- Assignment: Only the lines from the start of the entries up to and including the line with "by (auto simp: incseq_def" should be written out, exactly as they stand.

- Data in this exercise:
lemma truncated_integral_unbounded:
  fixes f :: "'b \<Rightarrow> real"
  assumes "finite_measure M" and [measurable]: "f \<in> borel_measurable M"
    and "(\<integral>\<^sup>+ x. ennreal (f x) \<partial>M) = \<infinity>"
  shows "\<exists>B>0. C < (\<integral>x. min (max (f x) 0) B \<partial>M)"
proof -
  interpret finite_measure M by (rule assms(1))
  define g where "g k x = ennreal (min (max (f x) 0) (real (Suc k)))" for k x
  have [measurable]: "g k \<in> borel_measurable M" for k
    unfolding g_def by measurable
  have "incseq g"
    by (auto simp: incseq_def le_fun_def g_def intro!: ennreal_leI)
  moreover have "(\<lambda>k. g k x) \<longlonglongrightarrow> ennreal (f x)" for x
  proof (rule tendsto_eventually)
    obtain k0 :: nat where "max (f x) 0 \<le> real k0"
      using real_arch_simple by blast
    then show "\<forall>\<^sub>F k in sequentially. g k x = ennreal (f x)"
      by (auto simp: g_def eventually_sequentially intro!: exI[of _ k0])
  qed
  ultimately have "(\<lambda>k. integral\<^sup>N M (g k)) \<longlonglongrightarrow> \<infinity>"
    using nn_integral_LIMSEQ[of g M "\<lambda>x. ennreal (f x)"] assms(3) by simp
  then have "\<forall>\<^sub>F k in sequentially. ennreal (max C 0) < integral\<^sup>N M (g k)"
    by (rule order_tendstoD(1)) simp
  then obtain k where "ennreal (max C 0) < integral\<^sup>N M (g k)"
    unfolding eventually_sequentially by blast
  also have "integral\<^sup>N M (g k) = ennreal (\<integral>x. min (max (f x) 0) (real (Suc k)) \<partial>M)"
    unfolding g_def
    by (intro nn_integral_eq_integral integrable_const_bound[where B = "real (Suc k)"]) auto
  finally have "max C 0 < (\<integral>x. min (max (f x) 0) (real (Suc k)) \<partial>M)"
    by (rule ennreal_less_iff[THEN iffD1, rotated]) simp
  then show ?thesis
    by (intro exI[of _ "real (Suc k)"]) simp
qed

section \<open>Triangular arrays of iid random variables\<close>

locale iid_array =
  fixes \<Omega> :: "nat \<Rightarrow> 'a measure" and m :: "nat \<Rightarrow> nat" and Y :: "nat \<Rightarrow> nat \<Rightarrow> 'a \<Rightarrow> real"
    and \<mu> :: "nat \<Rightarrow> real measure"
  assumes prob_space: "\<And>n. prob_space (\<Omega> n)"
    and indep: "\<And>n. prob_space.indep_vars (\<Omega> n) (\<lambda>_. borel) (Y n) {1..m n}"
    and distr_Y: "\<And>n j. j \<in> {1..m n} \<Longrightarrow> distr (\<Omega> n) borel (Y n j) = \<mu> n"
begin

lemma measurable_Y: "j \<in> {1..m n} \<Longrightarrow> Y n j \<in> borel_measurable (\<Omega> n)"
  using indep[of n] unfolding prob_space.indep_vars_def[OF prob_space] by blast

lemma borel_measurable_sum_comp [measurable]:
  fixes f :: "real \<Rightarrow> real"
  assumes "f \<in> borel_measurable borel"
  shows "(\<lambda>\<omega>. \<Sum>j\<in>{1..m n}. f (Y n j \<omega>)) \<in> borel_measurable (\<Omega> n)"
proof (rule borel_measurable_sum)
  fix j assume "j \<in> {1..m n}"
  show "(\<lambda>\<omega>. f (Y n j \<omega>)) \<in> borel_measurable (\<Omega> n)"
    by (rule measurable_compose[OF measurable_Y[OF \<open>j \<in> {1..m n}\<close>] assms])
qed

lemma AE_all_comp:
  assumes "AE x in \<mu> n. P x" and "{x. P x} \<in> sets borel"
  shows "AE \<omega> in \<Omega> n. \<forall>j\<in>{1..m n}. P (Y n j \<omega>)"
proof (rule AE_finite_allI)
  fix j assume j: "j \<in> {1..m n}"
  have "AE x in distr (\<Omega> n) borel (Y n j). P x"
    by (subst distr_Y[OF j]) (rule assms(1))
  then show "AE \<omega> in \<Omega> n. P (Y n j \<omega>)"
    using measurable_Y[OF j] assms(2) by (subst (asm) AE_distr_iff) auto
qed simp

lemma integrable_comp:
  fixes f :: "real \<Rightarrow> real"
  assumes "j \<in> {1..m n}" "f \<in> borel_measurable borel" "integrable (\<mu> n) f"
  shows "integrable (\<Omega> n) (\<lambda>\<omega>. f (Y n j \<omega>))"
  using assms integrable_distr_eq[OF measurable_Y[OF assms(1)] assms(2)] distr_Y by simp

lemma integral_comp:
  fixes f :: "real \<Rightarrow> real"
  assumes "j \<in> {1..m n}" "f \<in> borel_measurable borel"
  shows "(\<integral>\<omega>. f (Y n j \<omega>) \<partial>\<Omega> n) = (\<integral>x. f x \<partial>\<mu> n)"
  using integral_distr[OF measurable_Y[OF assms(1)] assms(2)] distr_Y[OF assms(1)] by simp

lemma bounded_in_prob_mean:
  fixes f :: "real \<Rightarrow> real"
  assumes [measurable]: "f \<in> borel_measurable borel" and "\<And>x. 0 \<le> f x"
    and "\<And>n. integrable (\<mu> n) f" and "Bseq (\<lambda>n. \<integral>x. f x \<partial>\<mu> n)"
  shows "bounded_in_prob \<Omega> (\<lambda>n \<omega>. (\<Sum>j\<in>{1..m n}. f (Y n j \<omega>)) / m n)"
proof -
  obtain C where "0 < C" and C: "\<And>n. \<bar>\<integral>x. f x \<partial>\<mu> n\<bar> \<le> C"
    using assms(4) unfolding Bseq_def by auto
  have "measure (\<Omega> n) {\<omega> \<in> space (\<Omega> n). C / r < \<bar>(\<Sum>j\<in>{1..m n}. f (Y n j \<omega>)) / m n\<bar>} \<le> r"
    if "0 < r" for r n
  proof -
    interpret prob_space "\<Omega> n" by (rule prob_space)
    define X where "X \<omega> = (\<Sum>j\<in>{1..m n}. f (Y n j \<omega>)) / m n" for \<omega>
    have [measurable]: "X \<in> borel_measurable (\<Omega> n)"
      unfolding X_def by measurable
    have "0 \<le> X \<omega>" for \<omega>
      using assms(2) by (simp add: X_def sum_nonneg)
    have "integrable (\<Omega> n) (\<lambda>\<omega>. \<Sum>j\<in>{1..m n}. f (Y n j \<omega>))"
      using assms(1,3) by (auto intro!: integrable_comp)
    then have "integrable (\<Omega> n) X"
      unfolding X_def by simp
    have "expectation X = m n * (\<integral>x. f x \<partial>\<mu> n) / m n"
      unfolding X_def using assms by (simp add: integral_comp integrable_comp)
    also have "\<dots> \<le> C"
      using C[of n] by (cases "m n = 0") auto
    finally have "expectation X \<le> C" .
    have "{\<omega> \<in> space (\<Omega> n). C / r < \<bar>X \<omega>\<bar>} \<subseteq> {\<omega> \<in> space (\<Omega> n). C / r \<le> X \<omega>}"
      using \<open>\<And>\<omega>. 0 \<le> X \<omega>\<close> by auto
    then have "measure (\<Omega> n) {\<omega> \<in> space (\<Omega> n). C / r < \<bar>X \<omega>\<bar>}
        \<le> measure (\<Omega> n) {\<omega> \<in> space (\<Omega> n). C / r \<le> X \<omega>}"
      by (rule finite_measure_mono) measurable
    also have "\<dots> \<le> expectation X / (C / r)"
      using \<open>integrable (\<Omega> n) X\<close> \<open>0 < C\<close> \<open>0 < r\<close> \<open>\<And>\<omega>. 0 \<le> X \<omega>\<close>
      by (intro integral_Markov_inequality_measure[where A = "space (\<Omega> n)"]) auto
    also have "\<dots> \<le> r"
      using \<open>expectation X \<le> C\<close> \<open>0 < C\<close> \<open>0 < r\<close> by (simp add: field_simps)
    finally show ?thesis
      by (simp add: X_def)
  qed
  then show ?thesis
    unfolding bounded_in_prob_def by (blast intro: always_eventually)
qed

lemma Hoeffding_sum_le:
  fixes g :: "real \<Rightarrow> real" and B t :: real
  assumes [measurable]: "g \<in> borel_measurable borel" and "\<And>x. g x \<in> {0..B}"
    and "0 < B" "0 < m n" "0 \<le> t"
  shows "measure (\<Omega> n) {\<omega> \<in> space (\<Omega> n). (\<Sum>j\<in>{1..m n}. g (Y n j \<omega>)) \<le> m n * (\<integral>x. g x \<partial>\<mu> n) - t}
           \<le> exp (- 2 * t\<^sup>2 / (m n * B\<^sup>2))"
proof -
  interpret prob_space "\<Omega> n" by (rule prob_space)
  interpret Hoeffding_ineq "\<Omega> n" "{1..m n}" "\<lambda>j \<omega>. g (Y n j \<omega>)" "\<lambda>_. 0" "\<lambda>_. B"
    "m n * (\<integral>x. g x \<partial>\<mu> n)"
  proof unfold_locales
    show "indep_vars (\<lambda>_. borel) (\<lambda>j \<omega>. g (Y n j \<omega>)) {1..m n}"
      by (rule indep_vars_compose2[OF indep]) auto
    show "m n * (\<integral>x. g x \<partial>\<mu> n) \<equiv> (\<Sum>j\<in>{1..m n}. expectation (\<lambda>\<omega>. g (Y n j \<omega>)))"
      by (simp add: integral_comp)
  qed (use assms(2) in auto)
  show ?thesis
    using Hoeffding_ineq_le[OF \<open>0 \<le> t\<close>] assms(3,4) by simp
qed

lemma diverges_in_prob_mean:
  fixes \<nu> :: "real measure" and f :: "real \<Rightarrow> real"
  assumes "\<And>n. real_distribution (\<mu> n)" "real_distribution \<nu>" "weak_conv_m \<mu> \<nu>"
    and "\<And>x. isCont f x" "\<And>n. AE x in \<mu> n. 0 \<le> f x" "(\<integral>\<^sup>+ x. ennreal (f x) \<partial>\<nu>) = \<infinity>"
    and "filterlim m at_top sequentially"
  shows "diverges_in_prob \<Omega> (\<lambda>n \<omega>. (\<Sum>j\<in>{1..m n}. f (Y n j \<omega>)) / m n)"
  unfolding diverges_in_prob_def
proof
  fix K :: real
  have [measurable]: "f \<in> borel_measurable borel"
    using assms(4) by (intro borel_measurable_continuous_onI continuous_at_imp_continuous_on ballI)
  interpret \<nu>: real_distribution \<nu> by (rule assms(2))
  have "f \<in> borel_measurable \<nu>"
    by measurable
  then obtain B where "0 < B" and B: "K + 1 < (\<integral>x. min (max (f x) 0) B \<partial>\<nu>)"
    using truncated_integral_unbounded[OF \<nu>.finite_measure_axioms _ assms(6)] by blast
  define g where "g x = min (max (f x) 0) B" for x
  have g: "g x \<in> {0..B}" for x
    using \<open>0 < B\<close> by (simp add: g_def)
  have [measurable]: "g \<in> borel_measurable borel"
    unfolding g_def by measurable
  have "isCont g x" for x
    unfolding g_def using assms(4) by (intro continuous_intros)
  moreover have "norm (g x) \<le> B" for x
    using g[of x] by simp
  ultimately have "(\<lambda>n. \<integral>x. g x \<partial>\<mu> n) \<longlonglongrightarrow> (\<integral>x. g x \<partial>\<nu>)"
    by (rule weak_conv_imp_integral_bdd_continuous_conv[OF assms(1-3)])
  then have "\<forall>\<^sub>F n in sequentially. K + 1 < (\<integral>x. g x \<partial>\<mu> n)"
    using B unfolding g_def by (rule order_tendstoD(1))
  moreover have "\<forall>\<^sub>F n in sequentially. 0 < m n"
    using assms(7)[unfolded filterlim_at_top, rule_format, of 1] by eventually_elim simp
  ultimately have upper: "\<forall>\<^sub>F n in sequentially.
      measure (\<Omega> n) {\<omega> \<in> space (\<Omega> n). (\<Sum>j\<in>{1..m n}. f (Y n j \<omega>)) / m n < K} \<le> exp (- 2 * real (m n) / B\<^sup>2)"
  proof eventually_elim
    case (elim n)
    note mean_large = elim(1) and m_pos = elim(2)
    interpret prob_space "\<Omega> n" by (rule prob_space)
    have "AE \<omega> in \<Omega> n. \<forall>j\<in>{1..m n}. 0 \<le> f (Y n j \<omega>)"
      using assms(5) by (intro AE_all_comp) auto
    then have "AE \<omega> in \<Omega> n. (\<Sum>j\<in>{1..m n}. f (Y n j \<omega>)) / m n < K \<longrightarrow>
        (\<Sum>j\<in>{1..m n}. g (Y n j \<omega>)) \<le> m n * (\<integral>x. g x \<partial>\<mu> n) - m n"
    proof eventually_elim
      case (elim \<omega>)
      have "(\<Sum>j\<in>{1..m n}. g (Y n j \<omega>)) \<le> (\<Sum>j\<in>{1..m n}. f (Y n j \<omega>))"
        using elim by (intro sum_mono) (auto simp: g_def)
      moreover have "m n * (K + 1) \<le> m n * (\<integral>x. g x \<partial>\<mu> n)"
        using mean_large by (intro mult_left_mono) auto
      ultimately show ?case
        using m_pos by (simp add: divide_less_eq algebra_simps)
    qed
    moreover have "{\<omega> \<in> space (\<Omega> n). (\<Sum>j\<in>{1..m n}. g (Y n j \<omega>)) \<le> m n * (\<integral>x. g x \<partial>\<mu> n) - m n} \<in> events"
      by measurable
    ultimately have "measure (\<Omega> n) {\<omega> \<in> space (\<Omega> n). (\<Sum>j\<in>{1..m n}. f (Y n j \<omega>)) / m n < K}
        \<le> measure (\<Omega> n) {\<omega> \<in> space (\<Omega> n). (\<Sum>j\<in>{1..m n}. g (Y n j \<omega>)) \<le> m n * (\<integral>x. g x \<partial>\<mu> n) - m n}"
      by (intro finite_measure_mono_AE) (auto elim!: eventually_mono)
    also have "\<dots> \<le> exp (- 2 * (real (m n))\<^sup>2 / (m n * B\<^sup>2))"
      using g \<open>0 < B\<close> m_pos by (intro Hoeffding_sum_le) simp_all
    also have "\<dots> = exp (- 2 * real (m n) / B\<^sup>2)"
      using m_pos by (simp add: power2_eq_square)
    finally show ?case .
  qed
  have exp_lim: "(\<lambda>n. exp (- 2 * real (m n) / B\<^sup>2)) \<longlonglongrightarrow> 0"
  proof -
    have "((\<lambda>x. exp (- 2 * x / B\<^sup>2)) \<longlongrightarrow> 0) at_top"
      using \<open>0 < B\<close> by real_asymp
    then show ?thesis
      by (rule filterlim_compose[OF _ filterlim_compose[OF filterlim_real_sequentially assms(7)]])
  qed
  show "(\<lambda>n. measure (\<Omega> n) {\<omega> \<in> space (\<Omega> n). (\<Sum>j\<in>{1..m n}. f (Y n j \<omega>)) / m n < K}) \<longlonglongrightarrow> 0"
    by (rule tendsto_sandwich[OF _ upper tendsto_const exp_lim]) simp
qed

- Written reply:
lemma truncated_integral_unbounded:
  fixes f :: "'b \<Rightarrow> real"
  assumes "finite_measure M" and [measurable]: "f \<in> borel_measurable M"
    and "(\<integral>\<^sup>+ x. ennreal (f x) \<partial>M) = \<infinity>"
  shows "\<exists>B>0. C < (\<integral>x. min (max (f x) 0) B \<partial>M)"
proof -
  interpret finite_measure M by (rule assms(1))
  define g where "g k x = ennreal (min (max (f x) 0) (real (Suc k)))" for k x
  have [measurable]: "g k \<in> borel_measurable M" for k
    unfolding g_def by measurable
  have "incseq g"
    by (auto simp: incseq_def le_fun_def g_def intro!: ennreal_leI)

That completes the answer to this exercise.